Provided data.
definition letter_preimage :: "'b \<Rightarrow> 'a list" where
  "letter_preimage b = (SOME t. t \<in> lists A \<and> pres_eq S [b] (map f t))"

definition preimage :: "'b list \<Rightarrow> 'a list" where
  "preimage w = concat (map letter_preimage w)"

lemma letter_preimage:
  assumes "b \<in> B"
  shows "letter_preimage b \<in> lists A \<and> pres_eq S [b] (map f (letter_preimage b))"
  unfolding letter_preimage_def by (rule someI_ex) (use map_surj[OF assms] in blast)

lemma preimage_in_lists: "w \<in> lists B \<Longrightarrow> preimage w \<in> lists A"
  by (induction w) (simp_all add: preimage_def letter_preimage)

lemma pres_eq_map_preimage: "w \<in> lists B \<Longrightarrow> pres_eq S w (map f (preimage w))"
proof (induction w)
  case Nil
  then show ?case by (simp add: preimage_def pres_eq.refl)
next
  case (Cons b w)
  then have "pres_eq S ([b] @ w) (map f (letter_preimage b) @ map f (preimage w))"
    using pres_eq_append[OF conjunct2[OF letter_preimage]] by simp
  then show ?case by (simp add: preimage_def)
qed

lemma preimage_map: "u \<in> lists A \<Longrightarrow> preimage (map f u) = u"
proof (induction u)
  case (Cons a u)
  have "f a \<in> B" using image_subset Cons.prems by auto
  then have "letter_preimage (f a) = [a]"
    using letter_preimage pres_eq_map_letter Cons.prems by simp
  then show ?case using Cons by (simp add: preimage_def)
qed (simp add: preimage_def)

lemma preimage_letter_rel:
  assumes rel: "([c], r) \<in> S \<or> (r, [c]) \<in> S"
  shows "preimage r = letter_preimage c"
proof -
  have "[c] \<in> rel_words S" "r \<in> rel_words S" using rel rel_words_pairD by blast+
  then have "[c] \<in> lists B" and r: "r \<in> lists B" using rel_words_in_lists[OF presentation_S] by blast+
  then have c: "c \<in> B" by simp
  define t where "t = letter_preimage c"
  have t: "t \<in> lists A" "pres_eq S [c] (map f t)" using letter_preimage[OF c] by (auto simp: t_def)
  have "map f t \<in> {[c], r}"
    using rel strongly_C_pair_class[OF C2_S no_repeated_S _ t(2)] by blast
  then show ?thesis
  proof
    assume "map f t = [c]"
    then obtain a where a: "t = [a]" "a \<in> A" "f a = c" using t(1) by (auto simp: map_eq_Cons_conv)
    have "pres_eq S [c] r" using rel by (metis pres_eq_relI pres_eq.sym)
    then have "pres_eq S [f a] (map f (preimage r))"
      using pres_eq.trans[OF _ pres_eq_map_preimage[OF r]] a(3) by simp
    then show ?thesis using pres_eq_map_letter a preimage_in_lists[OF r] t_def by simp
  next
    assume "map f t \<in> {r}"
    then show ?thesis using preimage_map t(1) t_def by auto
  qed
qed

lemma preimage_rel:
  assumes rel: "(r, r') \<in> S"
  shows "pres_eq (long_rels S) (map f (preimage r)) (map f (preimage r'))"
proof -
  have ne: "r \<noteq> []" "r' \<noteq> []"
    using rel_words_pairD[OF rel] C_cond_rel_word_nonempty[OF C1_S] by blast+
  have long: "2 \<le> length w" if "w \<noteq> []" "\<And>c. w \<noteq> [c]" for w :: "'b list"
    using that by (cases w; cases "tl w") auto
  consider c where "r = [c]" | c where "r' = [c]" | "2 \<le> length r" "2 \<le> length r'"
    using long ne by blast
  then show ?thesis
  proof cases
    case (1 c)
    then show ?thesis using preimage_letter_rel[of c r'] rel pres_eq.refl by (simp add: preimage_def)
  next
    case (2 c)
    then show ?thesis using preimage_letter_rel[of c r] rel pres_eq.refl by (simp add: preimage_def)
  next
    case 3
    have "map f (preimage w) = w" if w: "w \<in> rel_words S" "2 \<le> length w" for w
    proof -
      obtain u where "u \<in> lists A" "w = map f u" using long_rel_word_in_image[OF w] by blast
      then show ?thesis using preimage_map by simp
    qed
    moreover have "(r, r') \<in> long_rels S" using 3 rel by (simp add: long_rels_def)
    ultimately show ?thesis using 3 rel_words_pairD[OF rel] pres_eq_relI by metis
  qed
qed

Problem. Each record needs to be copied out again, letter for letter.

Output.
definition letter_preimage :: "'b \<Rightarrow> 'a list" where
  "letter_preimage b = (SOME t. t \<in> lists A \<and> pres_eq S [b] (map f t))"

definition preimage :: "'b list \<Rightarrow> 'a list" where
  "preimage w = concat (map letter_preimage w)"

lemma letter_preimage:
  assumes "b \<in> B"
  shows "letter_preimage b \<in> lists A \<and> pres_eq S [b] (map f (letter_preimage b))"
  unfolding letter_preimage_def by (rule someI_ex) (use map_surj[OF assms] in blast)

lemma preimage_in_lists: "w \<in> lists B \<Longrightarrow> preimage w \<in> lists A"
  by (induction w) (simp_all add: preimage_def letter_preimage)

lemma pres_eq_map_preimage: "w \<in> lists B \<Longrightarrow> pres_eq S w (map f (preimage w))"
proof (induction w)
  case Nil
  then show ?case by (simp add: preimage_def pres_eq.refl)
next
  case (Cons b w)
  then have "pres_eq S ([b] @ w) (map f (letter_preimage b) @ map f (preimage w))"
    using pres_eq_append[OF conjunct2[OF letter_preimage]] by simp
  then show ?case by (simp add: preimage_def)
qed

lemma preimage_map: "u \<in> lists A \<Longrightarrow> preimage (map f u) = u"
proof (induction u)
  case (Cons a u)
  have "f a \<in> B" using image_subset Cons.prems by auto
  then have "letter_preimage (f a) = [a]"
    using letter_preimage pres_eq_map_letter Cons.prems by simp
  then show ?case using Cons by (simp add: preimage_def)
qed (simp add: preimage_def)

lemma preimage_letter_rel:
  assumes rel: "([c], r) \<in> S \<or> (r, [c]) \<in> S"
  shows "preimage r = letter_preimage c"
proof -
  have "[c] \<in> rel_words S" "r \<in> rel_words S" using rel rel_words_pairD by blast+
  then have "[c] \<in> lists B" and r: "r \<in> lists B" using rel_words_in_lists[OF presentation_S] by blast+
  then have c: "c \<in> B" by simp
  define t where "t = letter_preimage c"
  have t: "t \<in> lists A" "pres_eq S [c] (map f t)" using letter_preimage[OF c] by (auto simp: t_def)
  have "map f t \<in> {[c], r}"
    using rel strongly_C_pair_class[OF C2_S no_repeated_S _ t(2)] by blast
  then show ?thesis
  proof
    assume "map f t = [c]"
    then obtain a where a: "t = [a]" "a \<in> A" "f a = c" using t(1) by (auto simp: map_eq_Cons_conv)
    have "pres_eq S [c] r" using rel by (metis pres_eq_relI pres_eq.sym)
    then have "pres_eq S [f a] (map f (preimage r))"
      using pres_eq.trans[OF _ pres_eq_map_preimage[OF r]] a(3) by simp
    then show ?thesis using pres_eq_map_letter a preimage_in_lists[OF r] t_def by simp
  next
    assume "map f t \<in> {r}"
    then show ?thesis using preimage_map t(1) t_def by auto
  qed
qed

lemma preimage_rel:
  assumes rel: "(r, r') \<in> S"
  shows "pres_eq (long_rels S) (map f (preimage r)) (map f (preimage r'))"
proof -
  have ne: "r \<noteq> []" "r' \<noteq> []"
    using rel_words_pairD[OF rel] C_cond_rel_word_nonempty[OF C1_S] by blast+
  have long: "2 \<le> length w" if "w \<noteq> []" "\<And>c. w \<noteq> [c]" for w :: "'b list"
    using that by (cases w; cases "tl w") auto
  consider c where "r = [c]" | c where "r' = [c]" | "2 \<le> length r" "2 \<le> length r'"
    using long ne by blast
  then show ?thesis
  proof cases
    case (1 c)
    then show ?thesis using preimage_letter_rel[of c r'] rel pres_eq.refl by (simp add: preimage_def)
  next
    case (2 c)
    then show ?thesis using preimage_letter_rel[of c r] rel pres_eq.refl by (simp add: preimage_def)
  next
    case 3
    have "map f (preimage w) = w" if w: "w \<in> rel_words S" "2 \<le> length w" for w
    proof -
      obtain u where "u \<in> lists A" "w = map f u" using long_rel_word_in_image[OF w] by blast
      then show ?thesis using preimage_map by simp
    qed
    moreover have "(r, r') \<in> long_rels S" using 3 rel by (simp add: long_rels_def)
    ultimately show ?thesis using 3 rel_words_pairD[OF rel] pres_eq_relI by metis
  qed
qed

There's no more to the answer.